A ação é reduzida, visto que
prevalece a alusão pela palavra – é desta que hão de vir as imagens impregnadas
nos poemas, pelo apelo à razão e à emoção. Valentim prima pelo bem dizer do
texto, transformando versos líricos ou narrativos em monólogos e diálogos
dramáticos, com uma forte carga interpretativa acompanhada do certo didatismo, não
somente nas apresentações dos heterônimos, mas também nas entonações explicativas
e ilustrativas dos significados expressos pelas palavras. A direção econômica
de Rafael Orsi de Melo deixa espaço para a centralidade da atuação; e rege todo
o espetáculo uma lógica ilustrativa, pela qual as camadas expressivas
reiteram-se, especialmente notável na gestualidade e na entonação do ator tanto
quanto na música de fundo.
Por vezes, sente-se também a
literalidade na interpretação de alguns versos cujos sentidos deslizam ambíguos
numa leitura subjetiva. A ironia presente em poemas como “Todas as cartas de
amor são ridículas” é substituída então por uma dramatização enfática, exaltada.

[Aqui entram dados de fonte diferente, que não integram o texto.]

lemma abs_diff_sem_le:
  assumes "wf_form L \<phi>" "depth \<phi> \<le> i" "0 \<le> e"
    and "\<And>g. g \<in> modal_funs i \<Longrightarrow> \<bar>g a - g b\<bar> \<le> e"
  shows "\<bar>sem_x \<phi> a - sem_x \<phi> b\<bar> \<le> e"
  using assms
proof (induction \<phi>)
  case (FMin \<phi>1 \<phi>2)
  then have "\<bar>sem_x \<phi>1 a - sem_x \<phi>1 b\<bar> \<le> e" "\<bar>sem_x \<phi>2 a - sem_x \<phi>2 b\<bar> \<le> e" by auto
  then show ?case by (simp add: min_def abs_le_iff)
next
  case (FMinus q \<phi>)
  then have "\<bar>sem_x \<phi> a - sem_x \<phi> b\<bar> \<le> e" by auto
  then show ?case by (simp add: max_def abs_le_iff)
next
  case (FHeart l \<psi>)
  then have "sem_x (FHeart l \<psi>) \<in> modal_funs i" unfolding modal_funs_def by blast
  then show ?case using FHeart.prems(4) by blast
qed simp_all

lemma dS_totally_bounded_formula_funs_if:
  assumes "dS_totally_bounded (modal_funs i)"
  shows "dS_totally_bounded (formula_funs i)"
  unfolding dS_totally_bounded_def
proof (intro allI impI)
  fix e :: real assume "e > 0"
  then obtain R where R: "finite R" "\<forall>a. \<exists>r\<in>R. \<forall>g\<in>modal_funs i. \<bar>g a - g r\<bar> \<le> e"
    using assms[unfolded dS_totally_bounded_def, rule_format, OF \<open>e > 0\<close>] by blast
  have close: "\<forall>k\<in>formula_funs i. \<bar>k a - k r\<bar> \<le> e"
    if "\<forall>g\<in>modal_funs i. \<bar>g a - g r\<bar> \<le> e" for a r
  proof
    fix k assume "k \<in> formula_funs i"
    then obtain \<phi> where "k = sem_x \<phi>" "wf_form L \<phi>" "depth \<phi> \<le> i"
      by (auto simp: formula_funs_def)
    then show "\<bar>k a - k r\<bar> \<le> e"
      using abs_diff_sem_le[of \<phi> i e a r] that \<open>e > 0\<close> by simp
  qed
  show "\<exists>R. finite R \<and> (\<forall>a. \<exists>r\<in>R. \<forall>k\<in>formula_funs i. \<bar>k a - k r\<bar> \<le> e)"
    using R close by meson
qed

lemma modal_funs_Suc: "modal_funs (Suc i) = (\<Union>l\<in>L. (\<lambda>k. \<tau> l \<circ> Bmap k \<circ> x) ` formula_funs i)"
  unfolding modal_funs_def formula_funs_def by fastforce

lemma uniform_limit_tau_Bmap:
  assumes "range K \<subseteq> UNIV \<rightarrow> {0..1}" "f \<in> UNIV \<rightarrow> {0..1}"
    and "uniform_limit UNIV K f sequentially" "l \<in> L"
  shows "uniform_limit UNIV (\<lambda>n. \<tau> l \<circ> Bmap (K n)) (\<tau> l \<circ> Bmap f) sequentially"
proof -
  have "\<forall>n a. K n a \<in> {0..1}" "\<forall>a. f a \<in> {0..1}"
    using assms(1,2) by (auto simp: image_subset_iff Pi_iff)
  then show ?thesis using tau_cont assms(3,4) by blast
qed

lemma dS_totally_bounded_formula_funs: "dS_totally_bounded (formula_funs i)"
proof (induction i)
  case 0
  have "modal_funs 0 = {}" by (simp add: modal_funs_def)
  then have "dS_totally_bounded (modal_funs 0)"
    unfolding dS_totally_bounded_def by (intro allI impI exI[of _ "{undefined}"]) auto
  then show ?case by (rule dS_totally_bounded_formula_funs_if)
next
  case (Suc i)
  have S: "formula_funs i \<subseteq> UNIV \<rightarrow> {0..1}"
    using connective_closed.unit_valued[OF connective_closed_formula_funs] .
  have "unif.mtotally_bounded ((\<lambda>k. \<tau> l \<circ> Bmap k \<circ> x) ` formula_funs i)" if "l \<in> L" for l
  proof (rule mtotally_bounded_image[OF mtotally_bounded_if_dS_totally_bounded[OF Suc S] S])
    fix K f
    assume "range K \<subseteq> formula_funs i" "f \<in> UNIV \<rightarrow> {0..1}" "uniform_limit UNIV K f sequentially"
    then have "uniform_limit UNIV (\<lambda>n. \<tau> l \<circ> Bmap (K n)) (\<tau> l \<circ> Bmap f) sequentially"
      using S \<open>l \<in> L\<close> by (intro uniform_limit_tau_Bmap) auto
    then show "uniform_limit UNIV (\<lambda>n. \<tau> l \<circ> Bmap (K n) \<circ> x) (\<tau> l \<circ> Bmap f \<circ> x) sequentially"
      using uniform_limit_compose'[where h=x and B=UNIV and A=UNIV] by (simp add: comp_def)
  qed
  then have "unif.mtotally_bounded (modal_funs (Suc i))"
    unfolding modal_funs_Suc using finL by (intro unif.mtotally_bounded_Union) auto
  moreover have "modal_funs (Suc i) \<subseteq> UNIV \<rightarrow> {0..1}"
    using tau_range by (auto simp: modal_funs_def)
  ultimately show ?case
    by (intro dS_totally_bounded_formula_funs_if dS_totally_bounded_if_mtotally_bounded)
qed

lemma approximating_formula_funs: "approximating Bmap \<tau> L (formula_funs i)"
proof -
  interpret connective_closed "formula_funs i" by (rule connective_closed_formula_funs)
  show ?thesis
  proof (rule approximating_if_uniformly_dense[OF tau_range])
    fix K f l b
    assume "range K \<subseteq> formula_funs i" "f \<in> UNIV \<rightarrow> {0..1}"
      "uniform_limit UNIV K f sequentially" "l \<in> L"
    then have "uniform_limit UNIV (\<lambda>n. \<tau> l \<circ> Bmap (K n)) (\<tau> l \<circ> Bmap f) sequentially"
      using unit_valued by (intro uniform_limit_tau_Bmap) auto
    then show "(\<lambda>n. \<tau> l (Bmap (K n) b)) \<longlonglongrightarrow> \<tau> l (Bmap f b)"
      using tendsto_uniform_limitI[where x=b] by fastforce
  qed (rule uniform_approx[OF dS_totally_bounded_formula_funs])
qed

Num escrito como o “Poema em linha reta (“Nunca conheci quem tivesse levado
porrada”....), esta voltagem representativa encontra o tom para conferir
fragilidade àquele homem em cena. As personalidades dos heterônimos misturam-se
aos poemas, interferindo em suas tonalidades. Álvaro de Campos talvez seja o
mais afetado por essa operação, pois que a acidez sagaz de seu olhar sobre o
mundo recobre-se do mau-humor que o caracteriza como personagem.

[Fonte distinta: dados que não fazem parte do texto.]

lemma recurrence_bound_le_sum:
  assumes "\<And>t. e t \<ge> 0" "\<And>t. q t \<ge> 0" "A \<ge> 0" and q1: "\<And>t. t < T \<Longrightarrow> q t \<le> 1"
  shows "t \<le> T \<Longrightarrow> recurrence_bound e q A T t \<le> (\<Sum>s\<in>{t..<T}. e s) + A"
proof (induction "T - t" arbitrary: t)
  case 0 thus ?case using recurrence_bound_ge[of t T] by simp
next
  case (Suc d)
  let ?B = "recurrence_bound e q A T"
  from Suc.hyps have tT: "t < T" and "d = T - Suc t" by auto
  hence ih: "?B (Suc t) \<le> (\<Sum>s\<in>{Suc t..<T}. e s) + A" using Suc by simp
  have nn: "?B (Suc t) \<ge> 0" by (rule recurrence_bound_nonneg[OF assms(1-3)])
  have "q t * ?B (Suc t) \<le> ?B (Suc t)"
    using q1[OF tT] nn by (simp add: mult_left_le_one_le assms(2))
  hence "?B t \<le> e t + ((\<Sum>s\<in>{Suc t..<T}. e s) + A)" using recurrence_bound_less[OF tT] ih by simp
  also have "\<dots> = (\<Sum>s\<in>{t..<T}. e s) + A" using tT by (simp add: sum.atLeast_Suc_lessThan)
  finally show ?case .
qed

lemma recurrence_bound_contracts:
  assumes "\<And>t. e t \<ge> 0" "\<And>t. q t \<ge> 0" "A \<ge> 0" and qq: "0 \<le> qq" "qq \<le> 1"
    and qP: "\<And>t. t < P \<Longrightarrow> q t \<le> qq" and PT: "P \<le> T"
  shows "t \<le> P \<Longrightarrow>
    recurrence_bound e q A T t \<le> (\<Sum>s\<in>{t..<P}. e s) + qq ^ (P - t) * recurrence_bound e q A T P"
proof (induction "P - t" arbitrary: t)
  case 0 thus ?case by simp
next
  case (Suc d)
  let ?B = "recurrence_bound e q A T"
  from Suc.hyps have tP: "t < P" and "d = P - Suc t" by auto
  hence ih: "?B (Suc t) \<le> (\<Sum>s\<in>{Suc t..<P}. e s) + qq ^ (P - Suc t) * ?B P"
    using Suc by simp
  have tT: "t < T" using tP PT by simp
  have nn: "?B (Suc t) \<ge> 0" by (rule recurrence_bound_nonneg[OF assms(1-3)])
  have sn: "(\<Sum>s\<in>{Suc t..<P}. e s) \<ge> 0" using assms(1) by (simp add: sum_nonneg)
  have "q t * ?B (Suc t) \<le> qq * ?B (Suc t)"
    using qP[OF tP] nn by (simp add: mult_right_mono)
  also have "\<dots> \<le> qq * ((\<Sum>s\<in>{Suc t..<P}. e s) + qq ^ (P - Suc t) * ?B P)"
    using ih qq by (simp add: mult_left_mono)
  also have "\<dots> = qq * (\<Sum>s\<in>{Suc t..<P}. e s) + qq ^ (P - t) * ?B P"
  proof -
    have "P - t = Suc (P - Suc t)" using tP by simp
    thus ?thesis by (simp add: algebra_simps)
  qed
  also have "\<dots> \<le> (\<Sum>s\<in>{Suc t..<P}. e s) + qq ^ (P - t) * ?B P"
    using qq sn by (simp add: mult_left_le_one_le)
  finally have "?B t \<le> e t + ((\<Sum>s\<in>{Suc t..<P}. e s) + qq ^ (P - t) * ?B P)"
    using recurrence_bound_less[OF tT] by simp
  also have "\<dots> = (\<Sum>s\<in>{t..<P}. e s) + qq ^ (P - t) * ?B P"
    using tP by (simp add: sum.atLeast_Suc_lessThan)
  finally show ?case .
qed

lemma sum_recurrence_bound_le:
  assumes "\<And>t. e t \<ge> 0" "\<And>t. q t \<ge> 0" "A \<ge> 0" and qq: "qq < 1" and q0: "0 \<le> qq"
    and qL: "\<And>t. t < L \<Longrightarrow> q t \<le> qq" and LT: "L \<le> T"
  shows "(\<Sum>t<L. recurrence_bound e q A T t) \<le> ((\<Sum>t<L. e t) + recurrence_bound e q A T L) / (1 - qq)"
proof -
  let ?B = "recurrence_bound e q A T"
  have nn: "\<And>t. ?B t \<ge> 0" by (rule recurrence_bound_nonneg[OF assms(1-3)])
  have "(\<Sum>t<L. ?B t) \<le> (\<Sum>t<L. e t + qq * ?B (Suc t))"
  proof (rule sum_mono)
    fix t assume "t \<in> {..<L}"
    hence tL: "t < L" and tT: "t < T" using LT by auto
    have "q t * ?B (Suc t) \<le> qq * ?B (Suc t)" using qL[OF tL] nn[of "Suc t"] by (simp add: mult_right_mono)
    thus "?B t \<le> e t + qq * ?B (Suc t)" using recurrence_bound_less[OF tT] by simp
  qed
  also have "\<dots> = (\<Sum>t<L. e t) + qq * (\<Sum>t<L. ?B (Suc t))"
    by (simp add: sum.distrib sum_distrib_left)
  also have "(\<Sum>t<L. ?B (Suc t)) = (\<Sum>t<L. ?B t) + ?B L - ?B 0"
  proof -
    have "(\<Sum>t<Suc L. ?B t) = ?B 0 + (\<Sum>t<L. ?B (Suc t))" by (rule sum.lessThan_Suc_shift)
    moreover have "(\<Sum>t<Suc L. ?B t) = (\<Sum>t<L. ?B t) + ?B L" by simp
    ultimately show ?thesis by simp
  qed
  finally have shifted: "(\<Sum>t<L. ?B t) \<le> (\<Sum>t<L. e t) + qq * ((\<Sum>t<L. ?B t) + ?B L - ?B 0)" .
  have "(1 - qq) * (\<Sum>t<L. ?B t) \<le> (\<Sum>t<L. e t) + ?B L"
  proof -
    have "qq * ((\<Sum>t<L. ?B t) + ?B L - ?B 0) \<le> qq * (\<Sum>t<L. ?B t) + ?B L"
    proof -
      have "qq * ((\<Sum>t<L. ?B t) + ?B L - ?B 0) \<le> qq * ((\<Sum>t<L. ?B t) + ?B L)"
        using q0 nn[of 0] by (simp add: mult_left_mono)
      also have "\<dots> = qq * (\<Sum>t<L. ?B t) + qq * ?B L" by (simp add: algebra_simps)
      also have "qq * ?B L \<le> ?B L" using qq q0 nn[of L] by (simp add: mult_left_le_one_le)
      finally show ?thesis by simp
    qed
    thus ?thesis using shifted by (simp add: algebra_simps)
  qed
  thus ?thesis using qq by (simp add: field_simps)
qed

lemma card_ge_one_le_sum:
  fixes f :: "nat \<Rightarrow> real"
  assumes "finite A" "\<And>t. f t \<ge> 0"
  shows "real (card {t\<in>A. f t \<ge> 1}) \<le> sum f A"
proof -
  have "real (card {t\<in>A. f t \<ge> 1}) = (\<Sum>t\<in>{t\<in>A. f t \<ge> 1}. 1)" by simp
  also have "\<dots> \<le> (\<Sum>t\<in>{t\<in>A. f t \<ge> 1}. f t)" by (rule sum_mono) auto
  also have "\<dots> \<le> sum f A" by (rule sum_mono2) (use assms in auto)
  finally show ?thesis .
qed

text \<open>Markov's inequality for the sum of the bounds below T - 5w, which is a geometric series
  with ratio qq; the bound at T - 5w has decayed by qq^(3w) from its value at T - 2w.\<close>
lemma card_recurrence_bound_ge_one:
  assumes e0: "\<And>t. e t \<ge> 0" and q0: "\<And>t. q t \<ge> 0" and A0: "A \<ge> 0"
    and qq: "0 \<le> qq" "qq < 1"
    and q1: "\<And>t. t < T \<Longrightarrow> q t \<le> 1" and q2: "\<And>t. t + 2 * w < T \<Longrightarrow> q t \<le> qq"
  shows "real (card {t\<in>{..<T - 5*w}. recurrence_bound e q A T t \<ge> 1})
      \<le> (2 * (\<Sum>t<T. e t) + qq ^ (3*w) * ((\<Sum>t<T. e t) + A)) / (1 - qq)"
proof -
  let ?E = "\<Sum>t<T. e t"
  let ?B = "recurrence_bound e q A T"
  have E0: "?E \<ge> 0" using e0 by (simp add: sum_nonneg)
  have rhs0: "(2 * ?E + qq ^ (3*w) * (?E + A)) / (1 - qq) \<ge> 0"
    using E0 A0 qq by (simp add: zero_le_power)
  show ?thesis
  proof (cases "5 * w \<le> T")
    case False
    hence "T - 5*w = 0" by simp
    thus ?thesis using rhs0 by simp
  next
    case True
    define L where "L = T - 5*w"
    define P where "P = T - 2*w"
    have LP: "L \<le> P" "P \<le> T" "P - L = 3*w" using True unfolding L_def P_def by auto
    have qL: "\<And>t. t < L \<Longrightarrow> q t \<le> qq" using q2 True unfolding L_def by auto
    have qP: "\<And>t. t < P \<Longrightarrow> q t \<le> qq" using q2 True unfolding P_def by auto
    have "real (card {t\<in>{..<L}. ?B t \<ge> 1}) \<le> (\<Sum>t<L. ?B t)"
      by (rule card_ge_one_le_sum) (auto intro: recurrence_bound_nonneg e0 q0 A0)
    also have "\<dots> \<le> ((\<Sum>t<L. e t) + ?B L) / (1 - qq)"
      by (rule sum_recurrence_bound_le[OF e0 q0 A0 qq(2) qq(1) qL]) (use LP in auto)
    also have "\<dots> \<le> (2 * ?E + qq ^ (3*w) * (?E + A)) / (1 - qq)"
    proof (rule divide_right_mono)
      show "0 \<le> 1 - qq" using qq by simp
      have s1: "(\<Sum>t<L. e t) \<le> ?E" by (rule sum_mono2) (use e0 LP in auto)
      have s2: "(\<Sum>s\<in>{L..<P}. e s) \<le> ?E" by (rule sum_mono2) (use e0 LP in auto)
      have s3: "(\<Sum>s\<in>{P..<T}. e s) \<le> ?E" by (rule sum_mono2) (use e0 in auto)
      have bL: "?B L \<le> (\<Sum>s\<in>{L..<P}. e s) + qq ^ (P - L) * ?B P"
        by (rule recurrence_bound_contracts[OF e0 q0 A0 qq(1) _ qP LP(2) LP(1)]) (use qq in simp)
      have bP: "?B P \<le> (\<Sum>s\<in>{P..<T}. e s) + A"
        by (rule recurrence_bound_le_sum[OF e0 q0 A0 q1 LP(2)])
      have pw: "qq ^ (3*w) \<ge> 0" using qq by simp
      have "qq ^ (P - L) * ?B P \<le> qq ^ (3*w) * (?E + A)"
        using LP(3) bP s3 pw by (simp add: mult_left_mono)
      thus "(\<Sum>t<L. e t) + ?B L \<le> 2 * ?E + qq ^ (3*w) * (?E + A)"
        using s1 s2 bL by linarith
    qed
    finally show ?thesis unfolding L_def .
  qed
qed

lemma abs_le_recurrence_bound_low:
  fixes D R :: "nat \<Rightarrow> real"
  assumes rec: "\<And>t. t < T0 \<Longrightarrow> \<bar>(real m - 1 - real t) * D t + (real t + 1) * D (Suc t)\<bar> \<le> R t"
    and T0: "2 * T0 + 1 \<le> m" and top: "\<bar>D T0\<bar> \<le> A" and R0: "\<And>t. R t \<ge> 0"
  shows "t \<le> T0 \<Longrightarrow> \<bar>D t\<bar> \<le> recurrence_bound
        (\<lambda>t. if t < T0 then R t / (real m - 1 - real t) else 0)
        (\<lambda>t. if t < T0 then (real t + 1) / (real m - 1 - real t) else 0) A T0 t"
proof (rule abs_le_recurrence_bound)
  fix t
  show "0 \<le> (if t < T0 then R t / (real m - 1 - real t) else 0)"
    using R0[of t] T0 by (auto intro!: divide_nonneg_pos)
  show "0 \<le> (if t < T0 then (real t + 1) / (real m - 1 - real t) else 0)"
    using T0 by (auto intro!: divide_nonneg_pos)
next
  fix t assume tT: "t < T0"
  define a where "a = real m - 1 - real t"
  have a0: "a > 0" using tT T0 unfolding a_def by linarith
  have "a * \<bar>D t\<bar> = \<bar>a * D t\<bar>" using a0 by (simp add: abs_mult)
  also have "\<dots> \<le> \<bar>a * D t + (real t + 1) * D (Suc t)\<bar> + \<bar>(real t + 1) * D (Suc t)\<bar>" by linarith
  also have "\<dots> \<le> R t + (real t + 1) * \<bar>D (Suc t)\<bar>" using rec[OF tT] unfolding a_def by (simp add: abs_mult)
  finally have "a * \<bar>D t\<bar> \<le> R t + (real t + 1) * \<bar>D (Suc t)\<bar>" .
  hence "\<bar>D t\<bar> \<le> R t / a + (real t + 1) / a * \<bar>D (Suc t)\<bar>" using a0 by (simp add: field_simps)
  thus "\<bar>D t\<bar> \<le> (if t < T0 then R t / (real m - 1 - real t) else 0) +
      (if t < T0 then (real t + 1) / (real m - 1 - real t) else 0) * \<bar>D (Suc t)\<bar>"
    using tT unfolding a_def by simp
qed (use top in auto)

Representar um sujeito com a
genialidade expressiva de Fernando Pessoa costuma colocar atores de uma
vertente mais clássica em posição de reverência. Não é diferente em “A Pessoa
de Minha Pessoa”. A liberdade de apropriação e reinvenção vai a contrapelo da deferência;
enquanto esta define as fronteiras de uma representação de anseios realistas.